What to produce - Filter the records below, keeping only lines with the string "Longrightarrow".
────────────────
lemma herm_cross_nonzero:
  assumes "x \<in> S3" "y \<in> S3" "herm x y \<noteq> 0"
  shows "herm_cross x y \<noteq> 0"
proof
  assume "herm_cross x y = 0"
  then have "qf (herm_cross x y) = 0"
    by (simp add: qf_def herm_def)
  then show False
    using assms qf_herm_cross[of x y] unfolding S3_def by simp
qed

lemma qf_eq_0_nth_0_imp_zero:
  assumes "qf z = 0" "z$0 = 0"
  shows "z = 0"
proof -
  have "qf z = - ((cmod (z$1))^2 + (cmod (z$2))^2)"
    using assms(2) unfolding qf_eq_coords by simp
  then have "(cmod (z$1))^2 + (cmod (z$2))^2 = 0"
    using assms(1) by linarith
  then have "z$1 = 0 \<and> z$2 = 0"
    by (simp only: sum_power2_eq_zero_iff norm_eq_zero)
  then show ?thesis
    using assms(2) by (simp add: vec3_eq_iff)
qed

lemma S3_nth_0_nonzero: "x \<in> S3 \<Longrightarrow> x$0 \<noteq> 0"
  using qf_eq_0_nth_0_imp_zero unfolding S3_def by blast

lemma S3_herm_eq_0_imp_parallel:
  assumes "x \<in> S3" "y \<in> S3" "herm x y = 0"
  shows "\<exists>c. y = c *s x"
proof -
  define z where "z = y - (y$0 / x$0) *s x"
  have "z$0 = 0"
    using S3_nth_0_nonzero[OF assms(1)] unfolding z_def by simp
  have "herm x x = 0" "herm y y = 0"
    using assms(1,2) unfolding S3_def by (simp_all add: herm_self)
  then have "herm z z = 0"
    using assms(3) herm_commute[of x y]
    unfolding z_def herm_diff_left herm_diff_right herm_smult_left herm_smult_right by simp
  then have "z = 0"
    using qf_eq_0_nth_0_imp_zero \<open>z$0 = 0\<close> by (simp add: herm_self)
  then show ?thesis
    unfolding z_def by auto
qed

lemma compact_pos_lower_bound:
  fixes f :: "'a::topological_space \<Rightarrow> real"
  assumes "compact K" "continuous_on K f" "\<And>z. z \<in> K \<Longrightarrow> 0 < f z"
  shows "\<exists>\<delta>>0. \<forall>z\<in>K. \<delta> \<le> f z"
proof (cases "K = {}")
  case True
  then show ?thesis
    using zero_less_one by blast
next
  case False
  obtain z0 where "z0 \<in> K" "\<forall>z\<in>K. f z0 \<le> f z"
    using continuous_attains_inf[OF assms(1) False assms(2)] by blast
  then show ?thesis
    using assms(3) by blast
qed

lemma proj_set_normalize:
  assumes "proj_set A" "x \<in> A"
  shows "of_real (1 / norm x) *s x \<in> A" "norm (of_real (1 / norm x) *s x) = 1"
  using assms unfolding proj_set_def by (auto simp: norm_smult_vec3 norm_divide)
────────────────
Exercise answer -
lemma S3_nth_0_nonzero: "x \<in> S3 \<Longrightarrow> x$0 \<noteq> 0"
  assumes "compact K" "continuous_on K f" "\<And>z. z \<in> K \<Longrightarrow> 0 < f z"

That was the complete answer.